WeChat public account

Shulou

Realization of suffix Tree Summary and how to write Code based on UKKonen

2025-01-14 Update From: SLTechnology News&Howtos shulou NAV: SLTechnology News&Howtos > Development >

Share

Shulou(Shulou.com)06/03 Report--

Based on UKKonen to achieve suffix tree summary and how to write code, many novices are not very clear about this, in order to help you solve this problem, the following editor will explain in detail for you, people with this need can come to learn, I hope you can get something.

A rookie version of SuffixTree was implemented a few years ago. Recently, we have to use the suffix tree to deal with some problems, and we have seriously implemented an On-Line algorithm based on UKKonen. To sum up a little bit.

Several articles about the introduction of suffix trees on the Internet are well written, so I no longer bother to do repetitive work. This is just my personal summary post, so the positioning is to read the brief introduction of the suffix tree, know what suffix tree, and then read the accelerated article of UKKonen, a concluding post from a somewhat confused classmate.

The authentic Paper should be the following paper of Ukkonen.

(1) E. Ukkonen, On-Line Construction ofSuffix Trees, Algorithmica, 14 (1995)

But I read it, and it was really a little difficult for me to understand, and then Gusfield wrote the following article in the book or Paper, which is much easier to understand. If you want to learn the suffix tree OnLine algorithm, it is highly recommended to read the following Guesfield article.

(2) Gusfield, Dan (1999) [1997] .algorithms on Strings, Trees and Sequences: Computer Science and ComputationalBiology. USA: Cambridge University Press.

The above two Paper articles are in English. If you want to read them, you can read them under Google.

Most of the students understood what was going on as soon as they looked at the suffix tree, but they fainted as soon as they saw the algorithm of UKKonen and the description of three accelerated large segments.

I try to ignore the proof, simply and not strictly summarize the three key accelerations in the UKKonen algorithm (for those of you who have not read Guesfield or related articles, I can only say sorry):

(1) SuffixLink: various theories are a little complicated to prove, but the use of the truth is very simple. Because when we add s [iTun1] to the substring s [j-1]... After I], the next step is to add s [iTun1] to s [j... I] in the back.

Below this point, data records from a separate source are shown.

(* Let $\lambda=\sum_{i=1}^r m_i\omega_i\in P^+$. Then $V(\lambda)=\sum_{k_1,\dots,k_r\in\mathbb N,\ k_1\le m_1}\mathbf U(\mathfrak n^-_{r-1/2})(x^-_{1,r})^{k_1}\cdots(x^-_{r,r})^{k_r}v_\lambda$.
   Context: $\mathfrak g=\mathfrak{sp}_{2r}$: complex matrices $(a_{i,j})$, indices $1,\dots,r,-r,\dots,-1$, $a_{i,j}=-\mathrm{sgn}(i)\mathrm{sgn}(j)a_{-j,-i}$; $\mathfrak h$ spanned by $E_{i,i}-E_{-i,-i}$, dual basis $\varepsilon_i$; $\omega_i=\varepsilon_1+\dots+\varepsilon_i$, $P^+=\sum\mathbb N\omega_i$. Root vectors: $x^-_{i,j-1}=E_{j,i}-E_{-i,-j}$, $x^-_{i,\overline j}=E_{-j,i}+E_{-i,j}$ ($1\le i<j\le r$), $x^-_{i,\overline i}=E_{-i,i}$, and $x^-_{i,r}:=x^-_{i,\overline r}=E_{-r,i}+E_{-i,r}$ ($i<r$), $x^-_{r,r}=E_{-r,r}$. $\mathfrak n^-_{r-1/2}$ is the span of $x^-_{i,j}$ and $x^-_{i,\overline j}$ for $1\le i\le j<r$. $V(\lambda)$ is the irreducible finite-dimensional $\mathfrak g$-module of highest weight $\lambda$ (with respect to the Borel subalgebra spanned by $\mathfrak h$ and the matrices $x^+_{i,j-1}=E_{i,j}-E_{-j,-i}$, $x^+_{i,\overline j}=E_{i,-j}+E_{j,-i}$, $x^+_{i,\overline i}=E_{i,-i}$), with highest weight vector $v_\lambda$. *)

theory Defs
  imports "HOL-Analysis.Analysis"
begin

text \<open>Matrices of sp_{2r} are indexed by 1..r, -r..-1, realised as integers i with 1 <= |i| <= r.
  A matrix is a function int => int => complex vanishing outside this index set.\<close>

type_synonym mat = "int \<Rightarrow> int \<Rightarrow> complex"

definition idx :: "nat \<Rightarrow> int set" where
  "idx r = {i. 1 \<le> \<bar>i\<bar> \<and> \<bar>i\<bar> \<le> int r}"

definition Emat :: "int \<Rightarrow> int \<Rightarrow> mat" where
  "Emat a b = (\<lambda>i j. if i = a \<and> j = b then 1 else 0)"

definition madd :: "mat \<Rightarrow> mat \<Rightarrow> mat" where
  "madd A B = (\<lambda>i j. A i j + B i j)"

definition msub :: "mat \<Rightarrow> mat \<Rightarrow> mat" where
  "msub A B = (\<lambda>i j. A i j - B i j)"

definition sp :: "nat \<Rightarrow> mat set" where
  "sp r = {A. (\<forall>i j. (i \<notin> idx r \<or> j \<notin> idx r) \<longrightarrow> A i j = 0) \<and>
              (\<forall>i\<in>idx r. \<forall>j\<in>idx r. A i j = - of_int (sgn i * sgn j) * A (-j) (-i))}"

definition bracket :: "nat \<Rightarrow> mat \<Rightarrow> mat \<Rightarrow> mat" where
  "bracket r A B = (\<lambda>i j. \<Sum>k\<in>idx r. A i k * B k j - B i k * A k j)"

text \<open>Negative root vectors.  xm i j is x^-_{i,j} = E_{j+1,i} - E_{-i,-(j+1)};
  xmbar i j is x^-_{i,bar j} (= E_{-j,i} + E_{-i,j} for i<j, E_{-i,i} for i=j).\<close>
definition xm :: "int \<Rightarrow> int \<Rightarrow> mat" where
  "xm i j = msub (Emat (j + 1) i) (Emat (-i) (-(j + 1)))"

definition xmbar :: "int \<Rightarrow> int \<Rightarrow> mat" where
  "xmbar i j = (if i = j then Emat (-i) i else madd (Emat (-j) i) (Emat (-i) j))"

text \<open>x^-_{i,r} := x^-_{i,bar r}.\<close>
definition xr :: "nat \<Rightarrow> nat \<Rightarrow> mat" where
  "xr r i = xmbar (int i) (int r)"

text \<open>Positive root vectors: x^+_{i,j-1} = E_{i,j} - E_{-j,-i} (i<j),
  x^+_{i,bar j} = E_{i,-j} + E_{j,-i} (i<j), x^+_{i,bar i} = E_{i,-i}.\<close>
definition nplus :: "nat \<Rightarrow> mat set" where
  "nplus r = {msub (Emat i j) (Emat (-j) (-i)) | i j. 1 \<le> i \<and> i < j \<and> j \<le> int r}
           \<union> {madd (Emat i (-j)) (Emat j (-i)) | i j. 1 \<le> i \<and> i < j \<and> j \<le> int r}
           \<union> {Emat i (-i) | i. 1 \<le> i \<and> i \<le> int r}"

definition nminus_half :: "nat \<Rightarrow> mat set" where
  "nminus_half r = {xm i j | i j. 1 \<le> i \<and> i \<le> j \<and> j < int r}
                 \<union> {xmbar i j | i j. 1 \<le> i \<and> i \<le> j \<and> j < int r}"

definition is_rep :: "nat \<Rightarrow> (mat \<Rightarrow> complex^'n^'n) \<Rightarrow> bool" where
  "is_rep r \<rho> \<longleftrightarrow>
     (\<forall>A\<in>sp r. \<forall>B\<in>sp r. \<forall>a b w.
        \<rho> (\<lambda>i j. a * A i j + b * B i j) *v w = a *s (\<rho> A *v w) + b *s (\<rho> B *v w)) \<and>
     (\<forall>A\<in>sp r. \<forall>B\<in>sp r. \<forall>w.
        \<rho> (bracket r A B) *v w = \<rho> A *v (\<rho> B *v w) - \<rho> B *v (\<rho> A *v w))"

definition invariant_subspace :: "nat \<Rightarrow> (mat \<Rightarrow> complex^'n^'n) \<Rightarrow> (complex^'n) set \<Rightarrow> bool" where
  "invariant_subspace r \<rho> W \<longleftrightarrow> vec.subspace W \<and> (\<forall>A\<in>sp r. \<forall>w\<in>W. \<rho> A *v w \<in> W)"

definition irreducible_rep :: "nat \<Rightarrow> (mat \<Rightarrow> complex^'n^'n) \<Rightarrow> bool" where
  "irreducible_rep r \<rho> \<longleftrightarrow> (\<forall>W. invariant_subspace r \<rho> W \<longrightarrow> W = {0} \<or> W = UNIV)"

text \<open>v is a highest weight vector of weight lambda = sum_i m_i omega_i:
  (E_{jj}-E_{-j,-j}) acts by omega-coefficient sum_{i>=j} m_i, and n^+ kills v.\<close>
definition is_hwv :: "nat \<Rightarrow> (nat \<Rightarrow> nat) \<Rightarrow> (mat \<Rightarrow> complex^'n^'n) \<Rightarrow> complex^'n \<Rightarrow> bool" where
  "is_hwv r m \<rho> v \<longleftrightarrow> v \<noteq> 0 \<and>
     (\<forall>j\<in>{1..r}. \<rho> (msub (Emat (int j) (int j)) (Emat (- int j) (- int j))) *v v
                   = of_nat (\<Sum>i\<in>{j..r}. m i) *s v) \<and>
     (\<forall>X\<in>nplus r. \<rho> X *v v = 0)"

definition xmono :: "nat \<Rightarrow> (mat \<Rightarrow> complex^'n^'n) \<Rightarrow> (nat \<Rightarrow> nat) \<Rightarrow> complex^'n \<Rightarrow> complex^'n" where
  "xmono r \<rho> k v = foldr (\<lambda>i w. (((*v) (\<rho> (xr r i))) ^^ k i) w) [1..<r+1] v"

text \<open>Action of a PBW-type monomial y_1 ... y_p of U(n) on w.\<close>
definition act_list :: "(mat \<Rightarrow> complex^'n^'n) \<Rightarrow> mat list \<Rightarrow> complex^'n \<Rightarrow> complex^'n" where
  "act_list \<rho> ys w = foldr (\<lambda>y u. \<rho> y *v u) ys w"

end

theory Submission
  imports Defs
begin

text \<open>Since v generates the irreducible module, V is spanned by words in n^- applied to v. Write
  n^- = n^-_{r-1/2} + span {x^-_{i,r}}: the x^-_{i,r} commute with each other, and brackets
  [x^-_{i,r}, y] with y in n^-_{r-1/2} are again strictly lower triangular, hence act through n^-.
  By induction on words this moves all factors x^-_{i,r} to the right, so V is spanned by
  U(n^-_{r-1/2}) applied to the monomials (x^-_{1,r})^{k_1} ... (x^-_{r,r})^{k_r} v.
  The bound k_1 <= m_1 comes from f = x^-_{1,1} (or x^-_{1,r} itself if r = 1), which together
  with the corresponding positive root vector spans an sl(2) acting on v with weight m_1, so that
  f^{m_1 + 1} v = 0; since [f, x^-_{2,r}] = -x^-_{1,r} and [f, x^-_{1,r}] lies in
  n^-_{r-1/2}, a power of x^-_{1,r} exceeding m_1 can be traded against powers of f and of
  x^-_{2,r}.\<close>

section \<open>Linear algebra\<close>

lemma matrix_vector_mult_in_span:
  fixes A :: "complex^'n^'n"
  assumes "\<And>s. s \<in> S \<Longrightarrow> A *v s \<in> vec.span T" and "w \<in> vec.span S"
  shows "A *v w \<in> vec.span T"
  using assms(2)
proof (induction rule: vec.span_induct_alt)
  case base then show ?case by (simp add: vec.span_zero)
next
  case (step c x y)
  have "A *v (c *s x + y) = c *s (A *v x) + A *v y"
    by (simp add: matrix_vector_right_distrib vector_scalar_commute)
  then show ?case using step assms(1) by (simp add: vec.span_add vec.span_scale)
qed

lemma eigenvectors_independent:
  fixes H :: "complex^'n^'n"
  assumes "\<And>s. s \<in> S \<Longrightarrow> H *v s = l s *s s" "\<And>s. s \<in> S \<Longrightarrow> s \<noteq> 0" "inj_on l S"
  shows "finite t \<Longrightarrow> t \<subseteq> S \<Longrightarrow> (\<Sum>s\<in>t. u s *s s) = 0 \<Longrightarrow> s \<in> t \<Longrightarrow> u s = 0"
proof (induction t arbitrary: u s rule: finite_induct)
  case empty then show ?case by simp
next
  case (insert a t)
  have "H *v (\<Sum>s\<in>insert a t. u s *s s) = (\<Sum>s\<in>insert a t. (u s * l s) *s s)"
    unfolding vec.linear_sum[OF matrix_vector_mul_linear_gen] vector_scalar_commute
    using insert.prems(1) assms(1) by (intro sum.cong refl) (auto simp: vec.scale_scale mult.commute)
  moreover have "(\<Sum>s\<in>insert a t. (u s * l s) *s s) - l a *s (\<Sum>s\<in>insert a t. u s *s s)
      = (\<Sum>s\<in>t. (u s * (l s - l a)) *s s)"
    using insert.hyps
    by (simp add: vec.scale_sum_right algebra_simps sum_subtractf[symmetric] vec.scale_left_diff_distrib)
  ultimately have z: "(\<Sum>s\<in>t. (u s * (l s - l a)) *s s) = 0"
    using insert.prems(2) by simp
  have ut: "u s = 0" if "s \<in> t" for s
  proof -
    have "u s * (l s - l a) = 0" using insert.IH[OF _ z that] insert.prems(1) by auto
    moreover have "l s \<noteq> l a" using assms(3) insert.prems(1) insert.hyps(2) that
      by (metis inj_onD insert_subset subsetD)
    ultimately show ?thesis by simp
  qed
  then have "u a *s a = 0" using insert.prems(2) insert.hyps by simp
  then have "u a = 0" using assms(2) insert.prems(1) by auto
  then show ?case using ut insert.prems(3) by auto
qed

lemma eigenvector_family_has_zero:
  fixes H :: "complex^'n^'n" and U :: "nat \<Rightarrow> complex^'n"
  assumes eigen: "\<And>k. H *v U k = \<mu> k *s U k" and "inj \<mu>"
  shows "\<exists>k. U k = 0"
proof (rule ccontr)
  assume "\<nexists>k. U k = 0"
  then have nz: "U k \<noteq> 0" for k by auto
  define l where "l s = (SOME c. H *v s = c *s s)" for s
  have lU: "l (U k) = \<mu> k" for k
  proof -
    have "H *v U k = l (U k) *s U k" unfolding l_def by (rule someI, rule eigen)
    then have "(l (U k) - \<mu> k) *s U k = 0" using eigen[of k]
      by (metis diff_self vec.scale_left_diff_distrib)
    then show ?thesis using nz[of k] by simp
  qed
  define S where "S = U ` {..CARD('n)}"
  have "inj_on U {..CARD('n)}"
    by (metis \<open>inj \<mu>\<close> injD inj_onI lU)
  then have cardS: "card S = Suc CARD('n)" unfolding S_def by (simp add: card_image)
  have "vec.independent S"
    unfolding vec.independent_explicit
  proof (intro conjI allI impI ballI)
    show "finite S" unfolding S_def by simp
    fix c s assume "(\<Sum>v\<in>S. c v *s v) = 0" "s \<in> S"
    moreover have "inj_on l S" unfolding S_def
      by (auto simp: inj_on_def lU dest: injD[OF \<open>inj \<mu>\<close>])
    moreover have "\<And>s. s \<in> S \<Longrightarrow> H *v s = l s *s s" unfolding S_def using lU eigen by auto
    moreover have "\<And>s. s \<in> S \<Longrightarrow> s \<noteq> 0" unfolding S_def using nz by auto
    ultimately show "c s = 0"
      using eigenvectors_independent[of S H l S c s] \<open>finite S\<close> by blast
  qed
  then have "card S \<le> vec.dim S" using vec.independent_bound_general by blast
  also have "\<dots> \<le> CARD('n)" by (rule dim_subset_UNIV_cart_gen)
  finally show False using cardS by simp
qed

definition mvpow :: "complex^'n^'n \<Rightarrow> nat \<Rightarrow> complex^'n \<Rightarrow> complex^'n" where
  "mvpow M k w = ((*v) M ^^ k) w"

lemma mvpow_0 [simp]: "mvpow M 0 w = w"
  by (simp add: mvpow_def)

lemma mvpow_Suc: "mvpow M (Suc k) w = M *v mvpow M k w"
  by (simp add: mvpow_def)

lemma mvpow_Suc_right: "mvpow M (Suc k) w = mvpow M k (M *v w)"
  by (simp add: mvpow_def funpow_Suc_right del: funpow.simps)

lemma mvpow_add: "mvpow M (a + b) w = mvpow M a (mvpow M b w)"
  by (simp add: mvpow_def funpow_add)

lemma mvpow_plus: "mvpow M k (x + y) = mvpow M k x + mvpow M k y"
  by (induction k) (simp_all add: mvpow_Suc matrix_vector_right_distrib)

lemma mvpow_scale: "mvpow M k (c *s x) = c *s mvpow M k x"
  by (induction k) (simp_all add: mvpow_Suc vector_scalar_commute)

lemma mvpow_zero: "mvpow M k 0 = 0"
  by (induction k) (simp_all add: mvpow_Suc)

lemma mvpow_vanishes_beyond: "mvpow M n w = 0 \<Longrightarrow> n \<le> k \<Longrightarrow> mvpow M k w = 0"
  using mvpow_add[of M "k - n" n w] by (simp add: mvpow_zero)

lemma mv_mvpow_commute:
  assumes "\<And>w. A *v (B *v w) = B *v (A *v w)"
  shows "A *v mvpow B k w = mvpow B k (A *v w)"
  by (induction k) (simp_all add: mvpow_Suc assms)

lemma mvpow_commute:
  assumes "\<And>w. A *v (B *v w) = B *v (A *v w)"
  shows "mvpow A a (mvpow B b w) = mvpow B b (mvpow A a w)"
  by (induction a) (simp_all add: mvpow_Suc mv_mvpow_commute[OF assms])

lemma mv_mvpow_commutator:
  assumes FY: "\<And>w. F *v (Y *v w) - Y *v (F *v w) = - z w"
    and Yz: "\<And>w. Y *v (z w) = z (Y *v w)"
  shows "F *v mvpow Y c w = mvpow Y c (F *v w) - of_nat c *s z (mvpow Y (c - 1) w)"
proof (induction c)
  case 0 then show ?case by simp
next
  case (Suc c)
  have "F *v mvpow Y (Suc c) w = Y *v (F *v mvpow Y c w) - z (mvpow Y c w)"
    using FY[of "mvpow Y c w"] by (simp add: mvpow_Suc algebra_simps)
  also have "\<dots> = mvpow Y (Suc c) (F *v w) - of_nat c *s (Y *v z (mvpow Y (c - 1) w)) - z (mvpow Y c w)"
    unfolding Suc by (simp add: matrix_vector_mult_diff_distrib vector_scalar_commute mvpow_Suc)
  also have "of_nat c *s (Y *v z (mvpow Y (c - 1) w)) = of_nat c *s z (mvpow Y c w)"
    by (cases c) (simp_all add: Yz mvpow_Suc)
  finally show ?case by (simp add: algebra_simps vec.scale_left_distrib)
qed

definition mvmono :: "('i \<Rightarrow> complex^'n^'n) \<Rightarrow> ('i \<Rightarrow> nat) \<Rightarrow> 'i list \<Rightarrow> complex^'n \<Rightarrow> complex^'n" where
  "mvmono A k L v = foldr (\<lambda>j w. mvpow (A j) (k j) w) L v"

lemma mvmono_Nil [simp]: "mvmono A k [] v = v"
  by (simp add: mvmono_def)

lemma mvmono_Cons [simp]: "mvmono A k (j # L) v = mvpow (A j) (k j) (mvmono A k L v)"
  by (simp add: mvmono_def)

lemma mvmono_zero: "mvmono A k L 0 = 0"
  by (induction L) (simp_all add: mvpow_zero)

lemma mvmono_0: "mvmono A (\<lambda>_. 0) L v = v"
  by (induction L) simp_all

lemma mvmono_cong: "(\<And>j. j \<in> set L \<Longrightarrow> k j = k' j) \<Longrightarrow> mvmono A k L v = mvmono A k' L v"
  by (induction L) simp_all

Normally we traverse s from the root node [j... I], but this takes time, so why don't we start from s [j-1... .. I] just jump to s [j... .I] instead of traversing down the root node every time. So the so-called SuffixLink, for s [j-1. I], is s [j... .. I] address.

(2) in the Ukkonen algorithm, the leaf node is always the leaf node (this acceleration is easy to understand as soon as you read the Gusfield article carefully, it is only a summary here, not in depth), so each traversal only needs to start from the last leaf node.

(3) but found that s [j … ITunes 1] is already in the suffix tree, so s [jacks 1... .I + 1] these suffixes must also be in the suffix tree, so there is no need to traverse.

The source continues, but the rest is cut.